[Recorded data Boundary: Start]

(* Let $\mu$ be a smooth volume form on $S^2$ and let $G$ be an abelian pseudo-rotation subgroup of $\mathrm{Symp}^\infty_\mu(S^2)$. Then either $\mathrm{Fix}(g)$ is the same set for every non-trivial $g\in G$, or $G$ is isomorphic to $\mathbb{Z}/2\mathbb{Z}\oplus\mathbb{Z}/2\mathbb{Z}$. In the latter case the fixed point sets of the non-trivial elements of $G$ are pairwise disjoint, so their union contains six points.
   Context: $\mathrm{Symp}^\infty_\mu(S^2)$ is the group of $C^\infty$ diffeomorphisms of $S^2$ isotopic to the identity and preserving $\mu$. A subgroup is a pseudo-rotation group if every non-trivial element has exactly $2$ fixed points. *)

theory Defs
  imports "HOL-Analysis.Analysis" "HOL-Algebra.Algebra"
begin

abbreviation S2 :: "(real^3) set" where "S2 \<equiv> sphere 0 1"

fun Ck_on :: "nat \<Rightarrow> 'a::real_normed_vector set \<Rightarrow> ('a \<Rightarrow> 'b::real_normed_vector) \<Rightarrow> bool" where
  "Ck_on 0 U f = continuous_on U f"
| "Ck_on (Suc k) U f = (f differentiable_on U \<and>
      (\<forall>v. Ck_on k U (\<lambda>x. frechet_derivative f (at x) v)))"

definition smooth_on :: "'a::real_normed_vector set \<Rightarrow> ('a \<Rightarrow> 'b::real_normed_vector) \<Rightarrow> bool" where
  "smooth_on U f \<longleftrightarrow> (\<forall>k. Ck_on k U f)"

definition smooth_ext :: "(real^3) set \<Rightarrow> (real^3 \<Rightarrow> 'b::real_normed_vector) \<Rightarrow> (real^3 \<Rightarrow> 'b) \<Rightarrow> bool" where
  "smooth_ext U F f \<longleftrightarrow> open U \<and> S2 \<subseteq> U \<and> smooth_on U F \<and> (\<forall>x\<in>S2. F x = f x)"

definition smooth_S2 :: "(real^3 \<Rightarrow> 'b::real_normed_vector) \<Rightarrow> bool" where
  "smooth_S2 f \<longleftrightarrow> (\<exists>U F. smooth_ext U F f)"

[Recorded data Boundary: End]

What to work on: For the entries shown above, tally every line containing the word "longleftrightarrow". Report the tally and nothing else.

Reply to the exercise: 3